TO DO - Return all lines below containing the word "lifts".

Collected data entries -
= Beginning of Section =
(* Let $G$ be a graph, $q\in\mathcal Q(G)$, $F$ a graph and $\varphi\in\mathsf{Hom}(F,G)$. For each $n\ge1$ let $T_n$ be the graph whose vertices are the pairs $(x,i)$ with $x\in V_G$ and $i$ a function from $\{A\subseteq V_G: x\in A\}$ to $\{0,1,2,\dots\}$ satisfying $i(A)<n^{q(A)}$ for all such $A$, with an edge from $(x,i)$ to $(y,j)$ iff $(x,y)\in E_G$ and $i(A)=j(A)$ for all $A$ with $\{x,y\}\subseteq A\subseteq V_G$. Let $\pi_n:T_n\to G$ be $\pi_n(x,i)=x$ and let $\hom_\varphi(F,T_n)$ be the number of homomorphisms $\psi:F\to T_n$ with $\pi_n\circ\psi=\varphi$. Then \[ \lim_{n\to\infty}\log_n\hom_\varphi(F,T_n)=\sum_{A\subseteq V_G} q(A)\cdot\mathsf{CC}\big(F|_{\varphi^{-1}(A)}\big). \]
   Context: Graphs are finite directed graphs $G=(V_G,E_G)$ with $V_G$ nonempty finite and $E_G\subseteq V_G\times V_G$. Homomorphisms are vertex maps sending edges to edges; $\mathsf{Hom}(F,G)$ is their set. $F|_B$ is the induced subgraph on $B$ and $\mathsf{CC}$ the number of connected components ignoring edge directions, with $\mathsf{CC}(F|_\emptyset)=0$. $\mathcal Q(G)$ is the set of functions $q:\wp(V_G)\to\mathbb R$ with $q(\emptyset)=0$, $q(A)\ge0$ for all $A$, and $\sum_{A\subseteq V_G}q(A)\,\mathsf{CC}(G|_A)=1$. *)

theory Defs
  imports "HOL-Analysis.Analysis"
begin

definition is_graph :: "'a set \<Rightarrow> ('a \<times> 'a) set \<Rightarrow> bool" where
  "is_graph V E \<longleftrightarrow> finite V \<and> V \<noteq> {} \<and> E \<subseteq> V \<times> V"

definition homs :: "'b set \<Rightarrow> ('b \<times> 'b) set \<Rightarrow> 'a set \<Rightarrow> ('a \<times> 'a) set \<Rightarrow> ('b \<Rightarrow> 'a) set" where
  "homs VF EF VG EG = {f \<in> VF \<rightarrow>\<^sub>E VG. \<forall>(u,v) \<in> EF. (f u, f v) \<in> EG}"

text \<open>Number of connected components (ignoring directions) of the subgraph of (V,E)
  induced on B; it is 0 for B empty.\<close>
definition CC :: "('a \<times> 'a) set \<Rightarrow> 'a set \<Rightarrow> nat" where
  "CC E B = card (B // (((E \<inter> (B \<times> B)) \<union> (E \<inter> (B \<times> B))\<inverse>)\<^sup>*))"

definition Qset :: "'a set \<Rightarrow> ('a \<times> 'a) set \<Rightarrow> ('a set \<Rightarrow> real) set" where
  "Qset V E = {q. q {} = 0 \<and> (\<forall>A \<subseteq> V. q A \<ge> 0)
      \<and> (\<Sum>A\<in>Pow V. q A * real (CC E A)) = 1}"

definition TV :: "'a set \<Rightarrow> ('a set \<Rightarrow> real) \<Rightarrow> nat \<Rightarrow> ('a \<times> ('a set \<Rightarrow> nat)) set" where
  "TV V q n = {(x, i). x \<in> V \<and> i \<in> extensional {A. A \<subseteq> V \<and> x \<in> A}
      \<and> (\<forall>A. A \<subseteq> V \<and> x \<in> A \<longrightarrow> real (i A) < real n powr q A)}"

definition TE :: "'a set \<Rightarrow> ('a \<times> 'a) set \<Rightarrow> ('a set \<Rightarrow> real) \<Rightarrow> nat
    \<Rightarrow> (('a \<times> ('a set \<Rightarrow> nat)) \<times> ('a \<times> ('a set \<Rightarrow> nat))) set" where
  "TE V E q n = {((x, i), (y, j)). (x, i) \<in> TV V q n \<and> (y, j) \<in> TV V q n \<and> (x, y) \<in> E
      \<and> (\<forall>A. {x, y} \<subseteq> A \<and> A \<subseteq> V \<longrightarrow> i A = j A)}"

definition hom_over :: "'b set \<Rightarrow> ('b \<times> 'b) set \<Rightarrow> 'a set \<Rightarrow> ('a \<times> 'a) set
    \<Rightarrow> ('a set \<Rightarrow> real) \<Rightarrow> ('b \<Rightarrow> 'a) \<Rightarrow> nat \<Rightarrow> nat" where
  "hom_over VF EF V E q \<phi> n =
     card {\<psi> \<in> homs VF EF (TV V q n) (TE V E q n). \<forall>v \<in> VF. fst (\<psi> v) = \<phi> v}"

end

theory Submission
  imports Defs
begin

text \<open>
  A homomorphism \<psi> : F \<rightarrow> T_n lying over \<phi> consists of the vertices
  \<psi>(v) = (\<phi>(v), i_v); for a fixed A \<subseteq> V_G the labels v \<mapsto> i_v(A) live on the fibre
  \<phi>\<inverse>(A), take values in {k. k < n^q(A)}, and the edge condition of T_n says exactly that
  they agree along the edges of F inside the fibre. Different sets A do not interact, so
  hom_\<phi>(F, T_n) is the product over A of the number of such labellings, which is
  |{k. k < n^q(A)}| ^ CC(F|\<phi>\<inverse>(A)). Taking log_n turns the product into a sum, and
  log_n |{k. k < n^x}| \<rightarrow> x because that set has between n^x and 2 n^x elements.
\<close>

section \<open>Colourings that are constant along edges\<close>

lemma rtrancl_symclosure_stays:
  assumes "S \<subseteq> B \<times> B" "(x, y) \<in> (S \<union> S\<inverse>)\<^sup>*" "x \<in> B"
  shows "y \<in> B"
  using assms(2,3) by (induction rule: rtrancl_induct) (use assms(1) in auto)

lemma constant_along_rtrancl_symclosure:
  assumes "\<forall>(u, v) \<in> S. f u = f v" "(x, y) \<in> (S \<union> S\<inverse>)\<^sup>*"
  shows "f x = f y"
  using assms(2) by (induction rule: rtrancl_induct) (use assms(1) in auto)

lemma equiv_rtrancl_symclosure: "equiv UNIV ((S \<union> S\<inverse>)\<^sup>*)"
proof -
  have "sym ((S \<union> S\<inverse>)\<^sup>*)" by (intro sym_rtrancl) (auto simp: sym_def)
  then show ?thesis by (auto simp: equiv_def refl_on_def trans_rtrancl)
qed

text \<open>Counting K-colourings of a finite graph (B, S) that are constant along edges: they
  correspond to arbitrary colourings of its connected components, so there are
  |K| ^ (number of components) of them.\<close>
lemma card_edge_constant_colourings:
  assumes "finite B" "S \<subseteq> B \<times> B"
  shows "card {f \<in> B \<rightarrow>\<^sub>E K. \<forall>(u, v) \<in> S. f u = f v} = card K ^ card (B // (S \<union> S\<inverse>)\<^sup>*)"
proof -
  define R where "R = (S \<union> S\<inverse>)\<^sup>*"
  define Col where "Col = {f \<in> B \<rightarrow>\<^sub>E K. \<forall>(u, v) \<in> S. f u = f v}"
  define spread where "spread h = (\<lambda>v\<in>B. h (R `` {v}))" for h :: "'a set \<Rightarrow> 'b"
  define collect where "collect f = (\<lambda>C\<in>B // R. the_elem (f ` C))" for f :: "'a \<Rightarrow> 'b"
  have equiv: "equiv UNIV R" unfolding R_def by (rule equiv_rtrancl_symclosure)
  have class_sub: "R `` {x} \<subseteq> B" if "x \<in> B" for x
    using rtrancl_symclosure_stays[OF assms(2)] that unfolding R_def by blast
  have class_eq: "R `` {w} = R `` {x}" if "w \<in> R `` {x}" for w x
    using equiv_class_eq[OF equiv, of x w] that by simp
  have collect_class: "collect f (R `` {x}) = f x" if "f \<in> Col" "x \<in> B" for f x
  proof -
    have "the_elem (f ` (R `` {x})) = f x"
    proof (rule the_elem_image_unique)
      show "R `` {x} \<noteq> {}" using equiv by (auto simp: equiv_def refl_on_def)
      show "f w = f x" if "w \<in> R `` {x}" for w
        using constant_along_rtrancl_symclosure[of S f x w] \<open>f \<in> Col\<close> that
        unfolding Col_def R_def by auto
    qed
    then show ?thesis using \<open>x \<in> B\<close> unfolding collect_def by (auto intro: quotientI)
  qed
  have "bij_betw spread (B // R \<rightarrow>\<^sub>E K) Col"
  proof (rule bij_betw_byWitness[where f' = collect])
    show "\<forall>h \<in> B // R \<rightarrow>\<^sub>E K. collect (spread h) = h"
    proof
      fix h assume h: "h \<in> B // R \<rightarrow>\<^sub>E K"
      have "collect (spread h) C = h C" if "C \<in> B // R" for C
      proof -
        obtain x where x: "x \<in> B" "C = R `` {x}" using \<open>C \<in> B // R\<close> by (auto elim: quotientE)
        have "the_elem (spread h ` C) = h C"
        proof (rule the_elem_image_unique)
          show "C \<noteq> {}" using x equiv by (auto simp: equiv_def refl_on_def)
          show "spread h w = h C" if "w \<in> C" for w
            using that x class_sub class_eq unfolding spread_def by auto
        qed
        then show ?thesis using that unfolding collect_def by simp
      qed
      then show "collect (spread h) = h"
        using h by (intro extensionalityI[of _ "B // R"]) (auto simp: collect_def PiE_def)
    qed
    show "\<forall>f \<in> Col. spread (collect f) = f"
      using collect_class by (auto simp: spread_def Col_def PiE_def extensional_def)
    show "spread ` (B // R \<rightarrow>\<^sub>E K) \<subseteq> Col"
    proof
      fix f assume "f \<in> spread ` (B // R \<rightarrow>\<^sub>E K)"
      then obtain h where h: "h \<in> B // R \<rightarrow>\<^sub>E K" and f: "f = spread h" by blast
      have "f \<in> B \<rightarrow>\<^sub>E K" using h unfolding f spread_def by (auto intro: quotientI)
      moreover have "f u = f v" if "(u, v) \<in> S" for u v
      proof -
        have "(u, v) \<in> R" using that unfolding R_def by blast
        then have "R `` {u} = R `` {v}" by (rule equiv_class_eq[OF equiv])
        then show ?thesis using that assms(2) unfolding f spread_def by auto
      qed
      ultimately show "f \<in> Col" unfolding Col_def by blast
    qed
    show "collect ` Col \<subseteq> B // R \<rightarrow>\<^sub>E K"
      using collect_class by (auto simp: collect_def Col_def elim!: quotientE)
  qed
  then have "card Col = card (B // R \<rightarrow>\<^sub>E K)" by (rule bij_betw_same_card[symmetric])
  also have "\<dots> = card K ^ card (B // R)"
  proof -
    have "B // R \<subseteq> Pow B" using class_sub by (auto elim!: quotientE)
    then have "finite (B // R)" using assms(1) by (rule finite_subset[OF _ finite_Pow_iff[THEN iffD2]])
    then show ?thesis by (simp add: card_PiE)
  qed
  finally show ?thesis unfolding Col_def R_def .
qed

section \<open>The vertices and edges of T_n\<close>

definition levels :: "nat \<Rightarrow> real \<Rightarrow> nat set" where
  "levels n x = {k. real k < real n powr x}"

lemma TV_iff:
  "(x, i) \<in> TV V q n \<longleftrightarrow> x \<in> V \<and> i \<in> (\<Pi>\<^sub>E A \<in> {A. A \<subseteq> V \<and> x \<in> A}. levels n (q A))"
  by (auto simp: TV_def levels_def PiE_def)

lemma TE_iff:
  "(a, b) \<in> TE V E q n \<longleftrightarrow> a \<in> TV V q n \<and> b \<in> TV V q n \<and> (fst a, fst b) \<in> E
     \<and> (\<forall>A. {fst a, fst b} \<subseteq> A \<and> A \<subseteq> V \<longrightarrow> snd a A = snd b A)"
  by (cases a; cases b) (simp add: TE_def)

section \<open>Counting the homomorphisms over \<phi>\<close>

context
  fixes VG :: "'a set" and EG :: "('a \<times> 'a) set"
    and VF :: "'b set" and EF :: "('b \<times> 'b) set"
    and q :: "'a set \<Rightarrow> real" and \<phi> :: "'b \<Rightarrow> 'a" and n :: nat
begin

definition lifts :: "('b \<Rightarrow> 'a \<times> ('a set \<Rightarrow> nat)) set" where
  "lifts = {\<psi> \<in> homs VF EF (TV VG q n) (TE VG EG q n). \<forall>v \<in> VF. fst (\<psi> v) = \<phi> v}"

definition fibre :: "'a set \<Rightarrow> 'b set" where
  "fibre A = \<phi> -` A \<inter> VF"

definition fibre_colourings :: "'a set \<Rightarrow> ('b \<Rightarrow> nat) set" where
  "fibre_colourings A =
     {f \<in> fibre A \<rightarrow>\<^sub>E levels n (q A). \<forall>(u, v) \<in> EF \<inter> fibre A \<times> fibre A. f u = f v}"

definition labels_of :: "('b \<Rightarrow> 'a \<times> ('a set \<Rightarrow> nat)) \<Rightarrow> 'a set \<Rightarrow> 'b \<Rightarrow> nat" where
  "labels_of \<psi> = (\<lambda>A \<in> Pow VG. \<lambda>v \<in> fibre A. snd (\<psi> v) A)"
lemma denom_nonzero: "1 \<le> 2 * Re s + 4 * real k \<Longrightarrow> denom k s \<noteq> 0"
  using norm_denom_ge[of s k] base_gt_1 by (auto simp: field_simps)

lemma Re_eq_if_denom_eq_0:
  assumes "denom k s = 0"
  shows "Re s = - 2 * real k"
proof -
  have "e powr (2 * Re s + 4 * real k) = 1"
    using assms base_gt_1 norm_cpow_of_real[of e "2 * s + 4 * of_nat k"] by (simp add: denom_def)
  then show ?thesis using base_gt_1 by simp
qed

lemma norm_summand_le:
  assumes k: "1 \<le> 2 * Re s + 4 * real k" and R: "norm s \<le> R"
  shows "norm (summand s k) \<le> majorant R k"
proof -
  define A where "A = Re s + 2 * real k"
  have e: "e > 1" by (rule base_gt_1)
  have R0: "0 \<le> R" using R norm_ge_zero[of s] by linarith
  have "norm ((- s) gchoose k) * norm (u k s) \<le> binomial_majorant R k * e powr A"
    using norm_gbinomial_minus_le[OF R] norm_u_le[OF k] binomial_majorant_nonneg[OF R0]
    by (intro mult_mono) (auto simp: A_def)
  moreover have "(1 - 1 / e) * (e powr A * e powr A) \<le> norm (denom k s)"
    using norm_denom_ge[OF k] unfolding powr_add[symmetric] A_def by (simp add: algebra_simps)
  moreover have "0 < (1 - 1 / e) * (e powr A * e powr A)" using e by simp
  ultimately have "norm (summand s k) \<le>
      binomial_majorant R k * e powr A / ((1 - 1 / e) * (e powr A * e powr A))"
    unfolding summand_def norm_mult norm_divide
    by (intro frac_le) (auto intro: mult_nonneg_nonneg binomial_majorant_nonneg[OF R0])
  also have "\<dots> = binomial_majorant R k * e powr (- Re s) * (1 / e\<^sup>2) ^ k / (1 - 1 / e)"
  proof -
    have "e powr (2 * real k) = (e\<^sup>2) ^ k"
      using e powr_realpow[of e "2 * k"] by (simp flip: power_mult)
    then have "e powr A = e powr Re s * (e\<^sup>2) ^ k"
      by (simp add: A_def powr_add)
    then have "e powr A / (e powr A * e powr A) = e powr (- Re s) * (1 / e\<^sup>2) ^ k"
      using e by (simp add: powr_minus power_one_over field_simps)
    moreover have "b * x / (c * (x * x)) = b * (x / (x * x)) / c" for b x c :: real
      by (simp add: mult.commute)
    ultimately show ?thesis
      by (metis mult.assoc)
  qed
  also have "\<dots> \<le> majorant R k"
    unfolding majorant_def using e R0 abs_Re_le_cmod[of s] R binomial_majorant_nonneg[OF R0]
    by (intro divide_right_mono mult_right_mono mult_left_mono) auto
  finally show ?thesis .
qed

lemma summable_majorant: "summable (majorant R)"
proof -
  have "summable (\<lambda>k. binomial_majorant R k * (1 / e\<^sup>2) ^ k)"
    using binomial_majorant_sums[of "1 / e\<^sup>2" R] base_gt_1 by (auto simp: sums_iff)
  then have "summable (\<lambda>k. e powr R / (1 - 1 / e) * (binomial_majorant R k * (1 / e\<^sup>2) ^ k))"
    by (rule summable_mult)
  then show ?thesis
    by (simp add: majorant_def[abs_def] mult_ac)
qed

lemma ex_halfplane: "\<exists>N. s \<in> halfplane N"
proof -
  obtain N :: nat where "real N > 1 - Re s" using reals_Archimedean2 by blast
  then show ?thesis by (intro exI[of _ N]) (simp add: halfplane_def)
qed

lemma open_halfplane: "open (halfplane N)"
proof -
  have "halfplane N = {s. Re s > (1 - 4 * real N) / 2}"
    by (auto simp: halfplane_def field_simps)
  then show ?thesis by (simp only: open_halfspace_Re_gt)
qed

lemma summable_norm_summand: "summable (\<lambda>k. norm (summand s k))"
proof -
  obtain N where "s \<in> halfplane N" using ex_halfplane by blast
  then have "eventually (\<lambda>k. norm (norm (summand s k)) \<le> majorant (norm s) k) sequentially"
    unfolding eventually_at_top_linorder halfplane_def
    by (intro exI[of _ N]) (auto intro!: norm_summand_le)
  then show ?thesis
    by (rule summable_comparison_test_ev) (rule summable_majorant)
qed

lemma suminf_summand_split: "(\<Sum>k. summand s k) = tail N s + (\<Sum>k<N. summand s k)"
  unfolding tail_def
  by (rule suminf_split_initial_segment[OF summable_norm_cancel[OF summable_norm_summand]])

lemma holomorphic_denom: "denom k holomorphic_on A"
  unfolding denom_def by (intro holomorphic_intros)

lemma open_denom_nonzero: "open {s. denom k s \<noteq> 0}"
  using holomorphic_on_imp_continuous_on[OF holomorphic_denom]
  by (intro open_Collect_neq) auto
= End of Section =
RESPONSE -
definition lifts :: "('b \<Rightarrow> 'a \<times> ('a set \<Rightarrow> nat)) set" where
  "lifts = {\<psi> \<in> homs VF EF (TV VG q n) (TE VG EG q n). \<forall>v \<in> VF. fst (\<psi> v) = \<phi> v}"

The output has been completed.